(* Let $I\subset\mathbb{R}$ be an open interval, let $\bm{a}:I\to\mathbb{R}^2_1$ be a spacelike frontal with Gauss mapping $\bm{\nu}:I\to H^1$, and let $r:I\to\mathbb{R}^+$ be a positive constant function. If $\bm{a}$ is not constant (i.e. its image is not a single point), then the pseudo-circle family $C_{(\bm{a}(t),r(t))}$ does not create an envelope.
   Context: All objects are $C^\infty$. The Minkowski plane $\mathbb{R}^2_1$ is $\mathbb{R}^2$ with $\langle\bm{x},\bm{y}\rangle=-x_1y_1+x_2y_2$; $H^1=\{\bm{x}:\langle\bm{x},\bm{x}\rangle=-1\}$. A smooth $\bm{a}:I\to\mathbb{R}^2_1$ is a spacelike frontal if there is a smooth $\bm{\nu}:I\to H^1$ (Gauss mapping) with $\langle\frac{d\bm{a}}{dt}(t),\bm{\nu}(t)\rangle=0$ for all $t$. $C_{(\bm{a}(t),r(t))}=\{\bm{x}\in\mathbb{R}^2_1:\langle\bm{x}-\bm{a}(t),\bm{x}-\bm{a}(t)\rangle=r(t)^2\}$. An envelope of $C_{(\bm{a}(t),r(t))}$ is a smooth $f:I\to\mathbb{R}^2_1$ with $f(t)\in C_{(\bm{a}(t),r(t))}$ and $\langle\frac{df}{dt}(t),f(t)-\bm{a}(t)\rangle=0$ for all $t\in I$. *)

theory Defs
  imports "HOL-Analysis.Analysis"
begin

definition mink :: "real \<times> real \<Rightarrow> real \<times> real \<Rightarrow> real" where
  "mink x y = - fst x * fst y + snd x * snd y"

definition H1 :: "(real \<times> real) set" where
  "H1 = {x. mink x x = -1}"

definition smooth_on :: "real set \<Rightarrow> (real \<Rightarrow> 'a::real_normed_vector) \<Rightarrow> bool" where
  "smooth_on I f \<longleftrightarrow>
     (\<exists>D :: nat \<Rightarrow> real \<Rightarrow> 'a. D 0 = f \<and>
        (\<forall>n. \<forall>t\<in>I. (D n has_vector_derivative D (Suc n) t) (at t)))"

definition spacelike_frontal ::
  "real set \<Rightarrow> (real \<Rightarrow> real \<times> real) \<Rightarrow> (real \<Rightarrow> real \<times> real) \<Rightarrow> bool" where
  "spacelike_frontal I a \<nu> \<longleftrightarrow>
     smooth_on I a \<and> smooth_on I \<nu> \<and> (\<forall>t\<in>I. \<nu> t \<in> H1) \<and>
     (\<forall>t\<in>I. mink (vector_derivative a (at t)) (\<nu> t) = 0)"

definition pseudo_circle :: "real \<times> real \<Rightarrow> real \<Rightarrow> (real \<times> real) set" where
  "pseudo_circle c \<rho> = {x. mink (x - c) (x - c) = \<rho>\<^sup>2}"

definition is_envelope ::
  "real set \<Rightarrow> (real \<Rightarrow> real \<times> real) \<Rightarrow> (real \<Rightarrow> real) \<Rightarrow> (real \<Rightarrow> real \<times> real) \<Rightarrow> bool" where
  "is_envelope I a r f \<longleftrightarrow>
     smooth_on I f \<and>
     (\<forall>t\<in>I. f t \<in> pseudo_circle (a t) (r t) \<and>
             mink (vector_derivative f (at t)) (f t - a t) = 0)"

end

theory Submission
  imports Defs
begin

text \<open>Along an envelope the radius vector \<open>f - a\<close> has constant Minkowski square \<open>r\<^sup>2 > 0\<close>, so
  differentiating it and using the envelope condition shows that \<open>a'\<close> is Minkowski-orthogonal to
  the spacelike vector \<open>f - a\<close>. The frontal condition makes \<open>a'\<close> orthogonal to the timelike vector
  \<open>\<nu>\<close> as well. In the Minkowski plane a nonzero vector has a one-dimensional orthogonal complement,
  which cannot contain both a timelike and a spacelike vector; hence \<open>a' = 0\<close> and \<open>a\<close> is constant
  on the interval \<open>I\<close>.\<close>

lemma mink_diff_left: "mink (x - y) z = mink x z - mink y z"
  by (simp add: mink_def algebra_simps)

lemma has_real_derivative_mink_self:
  assumes "(g has_vector_derivative g') (at t)"
  shows "((\<lambda>s. mink (g s) (g s)) has_real_derivative 2 * mink g' (g t)) (at t)"
proof -
  have g: "(g has_derivative (\<lambda>h. h *\<^sub>R g')) (at t)"
    using assms by (simp add: has_vector_derivative_def)
  have fst: "((\<lambda>s. fst (g s)) has_real_derivative fst g') (at t)"
    using has_derivative_fst[OF g]
    by (simp add: has_field_derivative_def mult.commute[of _ "fst g'"] fun_eq_iff)
  have snd: "((\<lambda>s. snd (g s)) has_real_derivative snd g') (at t)"
    using has_derivative_snd[OF g]
    by (simp add: has_field_derivative_def mult.commute[of _ "snd g'"] fun_eq_iff)
  show ?thesis unfolding mink_def
    by (rule derivative_eq_intros fst snd | simp)+
qed

lemma mink_self_locally_const_imp_orthogonal:
  assumes "open S" "t \<in> S" "\<And>s. s \<in> S \<Longrightarrow> mink (g s) (g s) = k"
    and "(g has_vector_derivative g') (at t)"
  shows "mink g' (g t) = 0"
proof -
  obtain d where "d > 0" "ball t d \<subseteq> S"
    using assms(1,2) open_contains_ball by blast
  then have "\<forall>y. \<bar>t - y\<bar> < d \<longrightarrow> mink (g t) (g t) = mink (g y) (g y)"
    using assms(2,3) by (auto simp: dist_real_def)
  then have "2 * mink g' (g t) = 0"
    using DERIV_local_const[OF has_real_derivative_mink_self[OF assms(4)] \<open>d > 0\<close>] by blast
  then show ?thesis by simp
qed

lemma mink_orthogonal_timelike_spacelike_eq_0:
  assumes "mink n n < 0" "mink x x > 0" "mink v n = 0" "mink v x = 0"
  shows "v = 0"
proof (rule ccontr)
  assume "v \<noteq> 0"
  obtain n1 n2 x1 x2 v1 v2 where nxv: "n = (n1, n2)" "x = (x1, x2)" "v = (v1, v2)"
    using prod.exhaust by metis
  then have n: "-n1*n1 + n2*n2 < 0" and x: "-x1*x1 + x2*x2 > 0"
    and vn: "v1*n1 = v2*n2" and vx: "v1*x1 = v2*x2"
    using assms by (auto simp: mink_def)
  have v: "v1 \<noteq> 0 \<or> v2 \<noteq> 0"
    using \<open>v \<noteq> 0\<close> nxv(3) by (auto simp: prod_eq_iff)
  \<comment> \<open>\<open>n\<close> and \<open>x\<close> both lie on the line orthogonal to \<open>v\<close>, so their determinant vanishes\<close>
  have "v1 * (x1*n2 - x2*n1) = (v1*x1)*n2 - (v1*n1)*x2"
    by (simp add: algebra_simps)
  also have "\<dots> = 0"
    using vn vx by simp
  finally have det1: "v1 * (x1*n2 - x2*n1) = 0" .
  have "v2 * (x1*n2 - x2*n1) = (v2*n2)*x1 - (v2*x2)*n1"
    by (simp add: algebra_simps)
  also have "\<dots> = (v1*n1)*x1 - (v1*x1)*n1"
    using vn vx by simp
  also have "\<dots> = 0"
    by simp
  finally have det2: "v2 * (x1*n2 - x2*n1) = 0" .
  have det: "x1*n2 - x2*n1 = 0"
    using det1 det2 v by auto
  have "(-x1*x1 + x2*x2) * (-n1*n1 + n2*n2) = (x1*n1 - x2*n2)\<^sup>2 - (x1*n2 - x2*n1)\<^sup>2"
    by (simp add: power2_eq_square algebra_simps)
  with det have "(-x1*x1 + x2*x2) * (-n1*n1 + n2*n2) \<ge> 0"
    by simp
  moreover have "(-x1*x1 + x2*x2) * (-n1*n1 + n2*n2) < 0"
    using mult_pos_neg[OF x n] .
  ultimately show False by linarith
qed

lemma smooth_on_has_vector_derivative:
  assumes "smooth_on I f" "t \<in> I"
  shows "(f has_vector_derivative vector_derivative f (at t)) (at t)"
proof -
  obtain D where "D 0 = f" "\<forall>n. \<forall>t\<in>I. (D n has_vector_derivative D (Suc n) t) (at t)"
    using assms(1) unfolding smooth_on_def by blast
  then have "f differentiable at t"
    using assms(2) by (metis differentiableI_vector)
  then show ?thesis
    by (rule vector_derivative_works[THEN iffD1])
qed

lemma envelope_center_has_vector_derivative_0:
  assumes "open I" "spacelike_frontal I a \<nu>" "\<And>s. s \<in> I \<Longrightarrow> r s = c" "c \<noteq> 0"
    and "is_envelope I a r f" "t \<in> I"
  shows "(a has_vector_derivative 0) (at t)"
proof -
  let ?a' = "vector_derivative a (at t)" and ?f' = "vector_derivative f (at t)"
  have a': "(a has_vector_derivative ?a') (at t)" and f': "(f has_vector_derivative ?f') (at t)"
    using assms(2,5,6) smooth_on_has_vector_derivative
    unfolding spacelike_frontal_def is_envelope_def by blast+
  have radius: "mink (f s - a s) (f s - a s) = c\<^sup>2" if "s \<in> I" for s
    using assms(3,5) that unfolding is_envelope_def pseudo_circle_def by auto
  have "mink (?f' - ?a') (f t - a t) = 0"
    using mink_self_locally_const_imp_orthogonal[OF assms(1,6) radius
        has_vector_derivative_diff[OF f' a']] .
  moreover have "mink ?f' (f t - a t) = 0"
    using assms(5,6) unfolding is_envelope_def by blast
  ultimately have "mink ?a' (f t - a t) = 0"
    by (simp add: mink_diff_left)
  moreover have "mink ?a' (\<nu> t) = 0" "mink (\<nu> t) (\<nu> t) < 0"
    using assms(2,6) unfolding spacelike_frontal_def H1_def by auto
  moreover have "mink (f t - a t) (f t - a t) > 0"
    using radius[OF assms(6)] assms(4) by simp
  ultimately have "?a' = 0"
    using mink_orthogonal_timelike_spacelike_eq_0 by blast
  with a' show ?thesis
    by simp
qed

theorem proposition1:
  fixes I :: "real set" and a \<nu> :: "real \<Rightarrow> real \<times> real" and r :: "real \<Rightarrow> real"
  assumes "open I" and "is_interval I"
    and "spacelike_frontal I a \<nu>"
    and "\<exists>c>0. \<forall>t\<in>I. r t = c"
    and "\<exists>s\<in>I. \<exists>t\<in>I. a s \<noteq> a t"
  shows "\<not> (\<exists>f. is_envelope I a r f)"
proof
  assume "\<exists>f. is_envelope I a r f"
  then obtain f where f: "is_envelope I a r f" by blast
  obtain c where c: "\<And>t. t \<in> I \<Longrightarrow> r t = c" "c \<noteq> 0"
    using assms(4) by force
  have "(a has_vector_derivative 0) (at t within I)" if "t \<in> I" for t
    using envelope_center_has_vector_derivative_0[OF assms(1,3) c f that]
    by (rule has_vector_derivative_at_within)
  then obtain k where "\<And>t. t \<in> I \<Longrightarrow> a t = k"
    using has_vector_derivative_zero_constant[OF is_interval_convex[OF assms(2)]] by blast
  then show False using assms(5) by auto
qed

end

__The task__
Nothing should appear in the answer except the lines above from the line with "(\<forall>t\<in>I. f t" through the line with "the spacelike vector", both included, written out exactly.

__Output for this task__
     (\<forall>t\<in>I. f t \<in> pseudo_circle (a t) (r t) \<and>
             mink (vector_derivative f (at t)) (f t - a t) = 0)"

end

theory Submission
  imports Defs
begin

text \<open>Along an envelope the radius vector \<open>f - a\<close> has constant Minkowski square \<open>r\<^sup>2 > 0\<close>, so
  differentiating it and using the envelope condition shows that \<open>a'\<close> is Minkowski-orthogonal to
  the spacelike vector \<open>f - a\<close>. The frontal condition makes \<open>a'\<close> orthogonal to the timelike vector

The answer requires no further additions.